RL: (Thinks) I kinda like Duke Ellington. I like Ellington.
Bo: He just had a birthday. It’s the same birthday as mine so double reasons to celebrate that day.
RL: Yeah, I play in his big band with Delfeayo Marsalis. Big band every Wednesday when I’m in town. We do a lot of music of Duke Ellington. That music is very, very special. Very hard to play, by the way. Maybe a tribute to Duke. Or maybe a tribute to Louis Armstrong. I would like to do something like that. Well, you know I would like to pay a tribute to everybody. But there ain’t that much time.
Bo: And there’s so many great musicians out there.
Bo: A friend of mine had this question, he’s asking about what it’s like to play at different venues. His question was: Do you find the same kind of energy at music festivals compared to, say, churches?
RL: Well, yeah you have a tendency to play where you play festivals because you have other musicians on the festival so you have a tendency to try to play the best that you can play. Anytime you show up with other musicians, you gotta bring it. Like if you play in a club by yourself you still try to bring it, but there’s a difference when you’re playing with other people on the same bill with you, especially if you’re a headliner. And if you play New Orleans, you gotta really bring it. If you wanted to play, New Orleans is one of the hardest places to play in the world. When you play New York, you gotta really bring it. Certain places make you play different.

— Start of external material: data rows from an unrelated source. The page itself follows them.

(* Consider a 1DPNN as described in the context, with $L\ge 2$ layers and a differentiable loss $\epsilon$. For every $l\in\{1,\dots,L-1\}$ and every $j\in\{1,\dots,N_l\}$, $$\frac{\partial \epsilon}{\partial y_{j}^{(l)}}=\sum_{d=1}^{D_{l+1}}d\left(\sum_{i=1}^{N_{l+1}}\tilde{w}_{ijd}^{(l+1)}*g_i^{(l+1)}\right)\odot\left(y_{j}^{(l)}\right)^{d-1},$$ where $\tilde{w}_{ijd}^{(l+1)}\in\mathbb{R}^{K_{l+1}}$ is given by $\tilde{w}_{ijd}^{(l+1)}(k)=w_{ijd}^{(l+1)}(K_{l+1}-1-k)$ for $k\in\{0,\dots,K_{l+1}-1\}$, and $g_i^{(l+1)}\in\mathbb{R}^{M_l+K_{l+1}-1}$ is the zero-padded vector defined for $n\in\{0,\dots,M_l+K_{l+1}-2\}$ by $g_i^{(l+1)}(n)=\frac{\partial \epsilon}{\partial x_i^{(l+1)}}(n-K_{l+1}+1)$ if $K_{l+1}-1\le n\le M_{l+1}+K_{l+1}-2$, and $g_i^{(l+1)}(n)=0$ otherwise. (Here $(y_j^{(l)})^0$ is the all-ones vector.)
   Context: A 1DPNN with $L\ge 1$ layers is specified as follows. Layer $0$ is the input: $N_0$ signals $y_1^{(0)},\dots,y_{N_0}^{(0)}\in\mathbb{R}^{M_0}$ (entries indexed $0,\dots,M_0-1$). For each layer $l\in\{1,\dots,L\}$ there are positive integers $N_l$ (number of neurons), $K_l$ (kernel size) and $D_l$ (polynomial degree), with $M_l=M_{l-1}-K_l+1\ge 1$. Neuron $i$ of layer $l$ has weight vectors $w_{ijd}^{(l)}\in\mathbb{R}^{K_l}$ (entries indexed $0,\dots,K_l-1$) for $j\in\{1,\dots,N_{l-1}\}$, $d\in\{1,\dots,D_l\}$, a bias $b_i^{(l)}\in\mathbb{R}$, and a differentiable activation function $f_i^{(l)}:\mathbb{R}\to\mathbb{R}$ applied componentwise. Its pre-activation output $x_i^{(l)}\in\mathbb{R}^{M_l}$ and output $y_i^{(l)}\in\mathbb{R}^{M_l}$ are $$x_i^{(l)}(m)=\sum_{j=1}^{N_{l-1}}\sum_{d=1}^{D_l}\sum_{k=0}^{K_l-1}w_{ijd}^{(l)}(k)\,\big(y_j^{(l-1)}(m+k)\big)^d+b_i^{(l)},\qquad y_i^{(l)}=f_i^{(l)}\big(x_i^{(l)}\big),$$ for $m\in\{0,\dots,M_l-1\}$. Notation: $\odot$ is the componentwise (Hadamard) product, powers of vectors are componentwise, and for $a\in\mathbb{R}^{K}$, $b\in\mathbb{R}^{M'}$ with $M'\ge K$, $a*b\in\mathbb{R}^{M'-K+1}$ is defined by $(a*b)(m)=\sum_{k=0}^{K-1}a(k)\,b(m+k)$ (this operation is called convolution). A differentiable loss $\epsilon$ is a function of the network output $(y_1^{(L)},\dots,y_{N_L}^{(L)})$ (and a fixed desired output); for each layer $l$ it is viewed as a differentiable function of the outputs $y_1^{(l)},\dots,y_{N_l}^{(l)}$ of layer $l$, with all subsequent layers computed by the forward propagation above. $\frac{\partial\epsilon}{\partial y_i^{(l)}}\in\mathbb{R}^{M_l}$ denotes the vector of partial derivatives of $\epsilon$ with respect to the entries of $y_i^{(l)}$ in this sense, and $\frac{\partial\epsilon}{\partial x_i^{(l)}}=\frac{\partial \epsilon}{\partial y_{i}^{(l)}}\odot (f_i^{(l)})'(x_i^{(l)})$ (derivative applied componentwise). *)

theory Defs
  imports "HOL-Analysis.Analysis"
begin

text \<open>Signals of a layer are functions nat => nat => real: Y i m is entry m of the
 output of neuron i (neurons indexed 1..N l, entries 0..M l - 1).\<close>

definition conv :: "nat \<Rightarrow> (nat \<Rightarrow> real) \<Rightarrow> (nat \<Rightarrow> real) \<Rightarrow> nat \<Rightarrow> real" where
  "conv Kk a v m = (\<Sum>k<Kk. a k * v (m + k))"

definition pre_act ::
  "(nat \<Rightarrow> nat) \<Rightarrow> (nat \<Rightarrow> nat) \<Rightarrow> (nat \<Rightarrow> nat) \<Rightarrow>
   (nat \<Rightarrow> nat \<Rightarrow> nat \<Rightarrow> nat \<Rightarrow> nat \<Rightarrow> real) \<Rightarrow> (nat \<Rightarrow> nat \<Rightarrow> real) \<Rightarrow>
   nat \<Rightarrow> (nat \<Rightarrow> nat \<Rightarrow> real) \<Rightarrow> nat \<Rightarrow> nat \<Rightarrow> real" where
  "pre_act N K D w b l Y i m =
     (\<Sum>j=1..N (l-1). \<Sum>d=1..D l. \<Sum>k<K l. w l i j d k * (Y j (m + k)) ^ d) + b l i"

definition layer ::
  "(nat \<Rightarrow> nat) \<Rightarrow> (nat \<Rightarrow> nat) \<Rightarrow> (nat \<Rightarrow> nat) \<Rightarrow> (nat \<Rightarrow> nat) \<Rightarrow>
   (nat \<Rightarrow> nat \<Rightarrow> nat \<Rightarrow> nat \<Rightarrow> nat \<Rightarrow> real) \<Rightarrow> (nat \<Rightarrow> nat \<Rightarrow> real) \<Rightarrow>
   (nat \<Rightarrow> nat \<Rightarrow> real \<Rightarrow> real) \<Rightarrow> nat \<Rightarrow> (nat \<Rightarrow> nat \<Rightarrow> real) \<Rightarrow> nat \<Rightarrow> nat \<Rightarrow> real" where
  "layer N M K D w b f l Y =
     (\<lambda>i m. if 1 \<le> i \<and> i \<le> N l \<and> m < M l then f l i (pre_act N K D w b l Y i m) else 0)"

primrec fwd ::
  "(nat \<Rightarrow> nat) \<Rightarrow> (nat \<Rightarrow> nat) \<Rightarrow> (nat \<Rightarrow> nat) \<Rightarrow> (nat \<Rightarrow> nat) \<Rightarrow>
   (nat \<Rightarrow> nat \<Rightarrow> nat \<Rightarrow> nat \<Rightarrow> nat \<Rightarrow> real) \<Rightarrow> (nat \<Rightarrow> nat \<Rightarrow> real) \<Rightarrow>
   (nat \<Rightarrow> nat \<Rightarrow> real \<Rightarrow> real) \<Rightarrow> nat \<Rightarrow> nat \<Rightarrow> (nat \<Rightarrow> nat \<Rightarrow> real) \<Rightarrow> nat \<Rightarrow> nat \<Rightarrow> real" where
  "fwd N M K D w b f l 0 Y = Y"
| "fwd N M K D w b f l (Suc n) Y = fwd N M K D w b f (Suc l) n (layer N M K D w b f (Suc l) Y)"

primrec outputs ::
  "(nat \<Rightarrow> nat) \<Rightarrow> (nat \<Rightarrow> nat) \<Rightarrow> (nat \<Rightarrow> nat) \<Rightarrow> (nat \<Rightarrow> nat) \<Rightarrow>
   (nat \<Rightarrow> nat \<Rightarrow> nat \<Rightarrow> nat \<Rightarrow> nat \<Rightarrow> real) \<Rightarrow> (nat \<Rightarrow> nat \<Rightarrow> real) \<Rightarrow>
   (nat \<Rightarrow> nat \<Rightarrow> real \<Rightarrow> real) \<Rightarrow> (nat \<Rightarrow> nat \<Rightarrow> real) \<Rightarrow> nat \<Rightarrow> nat \<Rightarrow> nat \<Rightarrow> real" where
  "outputs N M K D w b f y0 0 = y0"
| "outputs N M K D w b f y0 (Suc l) = layer N M K D w b f (Suc l) (outputs N M K D w b f y0 l)"

definition loss_at ::
  "nat \<Rightarrow> (nat \<Rightarrow> nat) \<Rightarrow> (nat \<Rightarrow> nat) \<Rightarrow> (nat \<Rightarrow> nat) \<Rightarrow> (nat \<Rightarrow> nat) \<Rightarrow>
   (nat \<Rightarrow> nat \<Rightarrow> nat \<Rightarrow> nat \<Rightarrow> nat \<Rightarrow> real) \<Rightarrow> (nat \<Rightarrow> nat \<Rightarrow> real) \<Rightarrow>
   (nat \<Rightarrow> nat \<Rightarrow> real \<Rightarrow> real) \<Rightarrow> ((nat \<Rightarrow> nat \<Rightarrow> real) \<Rightarrow> real) \<Rightarrow>
   nat \<Rightarrow> (nat \<Rightarrow> nat \<Rightarrow> real) \<Rightarrow> real" where
  "loss_at L N M K D w b f \<epsilon> l Y = \<epsilon> (fwd N M K D w b f l (L - l) Y)"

Bo: Well, let’s see here on your album Voodoo, this probably is a normal thing for you but for all of us fans we’re curious about what it’s like hanging out with Dr. John, Dizzy Gillespie, and Branford Marsalis.
RL: Well, let’s start with Dizzy. Dizzy loved the band. Dizzy said the band reminded him of when he was a youngster comin’ up. He loved some Dirty Dozen, man. He didn’t want to play none of his music. He just wanted to play the music that we were playing. He said, “No I don’t wanna play that. You
start. I wanna play what you cats playin’. I wanna play that.” We wind up doing one of his tunes called Oop Pop A Dah.
Well, Branford he’s a homeboy, so you know, he’s just like family. Branford’s always cool. He’s a real nice, laid back dude. No trippin’, he ain’t trippin’
Dr. John, he’s just a regular old New Orleans dude. Mac Rebennack is his real name.
Bo: Considering how many people you’ve played with so far ranging from Modest Mouse to Chuck D to all these people you’ve mentioned before…Is there anyone you still want to play with?
RL: I’ll play with all of them, you know? Modest Mouse, Widespread Panic. We do things with Widespread Panic. We just did a gig with Widespread Panic not too long ago. We recorded with Widespread Panic. We recorded with Dave Matthews. When we did a tribute to Marvin Gaye, we had G Love, Guru, Betty LaVette. On Medicated Magic, on that CD we had Norah Jones. Norah Jones recorded with us before she got big. She did a song called Ruler Of My Heart. Beautiful rendition of it.
Bo: Alright, well I appreciate you taking time out of your schedule. Good luck on your tour and thank you for sitting down with me today. Well, I will see you at the show on June 29th at the Zebra Cocktail Lounge and this is Mr. Roger Lewis of the Dirty Dozen Brass Band.
RL: We got music for your mind,
body, and your soul. World’s greatest party band.